I can’t believe it. What an honor! I wrote the novels to thank the American pilots for their bravery, contribution, and sacrifice during WWII in China. Now, in return, the Flying Tigers Association thanks me for writing the books about those American heroes. This is a dream come true—I’ll be with the people so close to the Flying Tigers (Sadly, all the Flying Tigers have passed away, but their family members will be there at the reunion).
Technically speaking, this is not a story of fulfilling dreams since I’ve never dreamed of such a dream.
I was born and raised in China when the country was isolated from the outside world. We were told that America was hell and American soldiers were devils—they were coward and cruel. We were not told that Americans had participated in the war against Japan in China and they had made vital contributions. I had never heard of the Flying Tigers before I came to this country. Never in my wildest dream could I imagine writing books about the American heroes.

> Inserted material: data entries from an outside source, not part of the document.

(* Let $Q$ be a uniquely $2$-divisible commutative A-loop, and define $x\circ y = \big(x^{-1}\backslash (xy^2)\big)^{1/2}$, where $z^{1/2}$ denotes the unique $w\in Q$ with $w^2=z$. Then $(Q,\circ)$ is a (left) Bruck loop, and powers in $Q$ coincide with powers in $(Q,\circ)$.
   Context: A loop is a set with a binary operation and neutral element $1$ in which all left and right translations are bijections; $\mathrm{Inn}(Q)$ is the stabilizer of $1$ in the group generated by all translations. A commutative A-loop is a commutative loop all of whose inner mappings are automorphisms. $x\backslash y$ is the unique $z$ with $xz=y$, $x^{-1}=x\backslash 1$. A loop is uniquely $2$-divisible if $x\mapsto x^2$ is a bijection. A left Bruck loop is a loop satisfying the left Bol identity $x\circ(y\circ(x\circ z)) = (x\circ(y\circ x))\circ z$ and the automorphic inverse property $(x\circ y)^{-1}=x^{-1}\circ y^{-1}$. Powers are $x^n=1L_x^n$ with $L_x$ the left translation of the respective operation. *)

theory Defs
  imports Main
begin

definition loop :: "('a \<Rightarrow> 'a \<Rightarrow> 'a) \<Rightarrow> 'a \<Rightarrow> bool" where
  "loop m e \<longleftrightarrow> (\<forall>x. m e x = x \<and> m x e = x)
     \<and> (\<forall>x. bij (\<lambda>y. m x y)) \<and> (\<forall>x. bij (\<lambda>y. m y x))"

definition ltrans :: "('a \<Rightarrow> 'a \<Rightarrow> 'a) \<Rightarrow> 'a \<Rightarrow> 'a \<Rightarrow> 'a" where
  "ltrans m x = (\<lambda>y. m x y)"

definition rtrans :: "('a \<Rightarrow> 'a \<Rightarrow> 'a) \<Rightarrow> 'a \<Rightarrow> 'a \<Rightarrow> 'a" where
  "rtrans m x = (\<lambda>y. m y x)"
(* Let $A\in\mathbb F^{n\times n}$ be Lyapunov regular and $B\in\{A\}''_{\mathbb F}$. Then the matricization $L_{A,B}\in\mathbb F^{n^2\times n^2}$ of $\mathcal L_{A,B}$ belongs to $\overline{\{A^*\}''_{\mathbb F}}\otimes\{A^*\}''_{\mathbb F}$ (the span of Kronecker products $\bar X\otimes Y$ with $X,Y\in\{A^*\}''_{\mathbb F}$).
   Context: $\mathbb F=\mathbb R$ or $\mathbb C$; $Y^*$ is conjugate transpose; $\bar X$ is entrywise complex conjugate. $A$ is Lyapunov regular if its eigenvalues satisfy $\lambda_i+\bar\lambda_j\ne0$ for all $i,j$. $\mathcal L_Y(X)=XY+Y^*X$, and $\mathcal L_{A,B}=\mathcal L_B\circ\mathcal L_A^{-1}$. $\{A\}''_{\mathbb F}$ is the bicommutant of $A$ in $\mathbb F^{n\times n}$. The matricization of a linear map $\mathcal L:\mathbb F^{q\times q}\to\mathbb F^{n\times n}$ is the matrix $L\in\mathbb F^{n^2\times q^2}$ with $L\,\mathrm{vec}(V)=\mathrm{vec}(\mathcal L(V))$, where $\mathrm{vec}$ stacks columns. *)

theory Defs
  imports "Jordan_Normal_Form.Char_Poly" "Jordan_Normal_Form.Conjugate"
begin

definition mconj :: "'a::conjugatable_field mat \<Rightarrow> 'a mat" where
  "mconj X = mat (dim_row X) (dim_col X) (\<lambda>(i,j). conjugate (X $$ (i,j)))"

definition madj :: "'a::conjugatable_field mat \<Rightarrow> 'a mat" where
  "madj X = mat (dim_col X) (dim_row X) (\<lambda>(i,j). conjugate (X $$ (j,i)))"

text \<open>Lyapunov regularity of a complex matrix: all eigenvalues satisfy
  lambda_i + conj(lambda_j) ~= 0.  A real matrix is Lyapunov regular iff
  its complexification is.\<close>
definition lyap_regular :: "complex mat \<Rightarrow> bool" where
  "lyap_regular A \<longleftrightarrow> (\<forall>l m. eigenvalue A l \<and> eigenvalue A m \<longrightarrow> l + cnj m \<noteq> 0)"

definition lyap :: "'a::conjugatable_field mat \<Rightarrow> 'a mat \<Rightarrow> 'a mat" where
  "lyap Y X = X * Y + madj Y * X"

definition lyapAB :: "'a::conjugatable_field mat \<Rightarrow> 'a mat \<Rightarrow> 'a mat \<Rightarrow> 'a mat" where
  "lyapAB A B V = lyap B (THE X. X \<in> carrier_mat (dim_row A) (dim_row A) \<and> lyap A X = V)"

definition vecm :: "'a mat \<Rightarrow> 'a vec" where
  "vecm V = vec (dim_row V * dim_col V) (\<lambda>k. V $$ (k mod dim_row V, k div dim_row V))"

definition kron :: "'a::times mat \<Rightarrow> 'a mat \<Rightarrow> 'a mat" where
  "kron X Y = mat (dim_row X * dim_row Y) (dim_col X * dim_col Y)
     (\<lambda>(i,j). X $$ (i div dim_row Y, j div dim_col Y) * Y $$ (i mod dim_row Y, j mod dim_col Y))"
(* Let $f$ be a nonzero real homogeneous polynomial of degree $p\ge1$ in $n$ variables. (a) If $f(x)=a(c^\top x)^p$ for some $c\in\mathbb R^n\setminus\{0\}$ and $a\ne0$, then $\|f^k\|_{HS}=\|f^k\|_\sigma=|a|^k\|c\|_2^{kp}$ for all $k\in\mathbb N$. (b) If $f$ is not of this form, then for all $k,l\in\mathbb N$: $\|f^{k+l}\|_{HS}<\|f^k\|_{HS}\|f^l\|_{HS}$, $\|f^{2k}\|_{HS}<\|f^k\|_{HS}^2$, and $\|f\|_\sigma^k<\|f^k\|_{HS}$. Moreover the limit $\rho_1(f):=\lim_{k\to\infty}\|f^k\|_{HS}^{1/k}$ exists, $\rho_1(f)\ge\|f\|_\sigma$, and $\rho_1(f)<\|f^k\|_{HS}^{1/k}$ for every $k\in\mathbb N$.
   Context: Every real homogeneous polynomial $f$ of degree $p$ in $n$ variables is $f(x)=\langle\mathcal F,\otimes^p x\rangle$ for a unique symmetric tensor $\mathcal F\in\mathrm S^p\mathbb R^n$, where $\langle\cdot,\cdot\rangle$ is the entrywise (Hilbert–Schmidt) inner product of tensors and $\otimes^p x=x\otimes\cdots\otimes x$. Set $\|f\|_{HS}:=\|\mathcal F\|_{HS}=\sqrt{\langle\mathcal F,\mathcal F\rangle}$; equivalently, if $f(x)=\sum_{j_1+\cdots+j_n=p}\frac{p!}{j_1!\cdots j_n!}\phi_{j_1,\dots,j_n}x_1^{j_1}\cdots x_n^{j_n}$ then $\|f\|_{HS}^2=\sum\frac{p!}{j_1!\cdots j_n!}\phi_{j_1,\dots,j_n}^2$. Also $\|f\|_\sigma:=\max\{|f(x)|:x\in\mathbb R^n,\|x\|_2=1\}$. Powers $f^k$ are ordinary powers of polynomials. *)

theory Defs
  imports "HOL-Analysis.Analysis" "HOL-Library.Poly_Mapping"
begin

Raised by professors, I’ve always loved reading. But writing was a dangerous career when I was growing up. As famous writers, my grandmother (the first Chinese woman to receive a master’s degree in the UK) and my aunt (she translated Peter Pan, Jane Eyre, Wuthering Heights, and other classics into Chinese) were wrongfully accused as Counter-Revolutionary Rightists. I had to choose science—a safer path. I received a PhD in molecular biology from University of Rochester. But fiction writing was beyond my dream.
When I wrote the books, my dream was to get them published. Writing fiction was hard, especially for someone using a second language and trained as a scientist. Accepted for publication by a traditional publisher was already a tall order; many writers give up such a dream. I pushed on.
I dreamed that my books would touch other people’s hearts as the story of the Flying Tigers touched mine. I did it—many people were moved by my stories; a number of them cried reading the novels, from a 9-year-old boy, to a middle-aged man, to a 90-year-old lady. My books were featured in over a dozen newspapers. Even the prestigious program like National Public Radio recognized my effort and did an interview. But how could I dream that my hard work and struggle would be rewarded and thanked for by the people so close to the Flying Tigers?
“Dream an unimaginable dream; touch people’s hearts, one heart at a time” is my new dream.
Starting a blog
I should have done this much earlier, ideally from the beginning of my writing journey. So many incredible positive things happened along the way. But it’s better late than never. I’ll start now, recording the big or the small marvels of life. Who knows, when I'm not busy, I’ll go back in time and report those positive past events that touched my heart.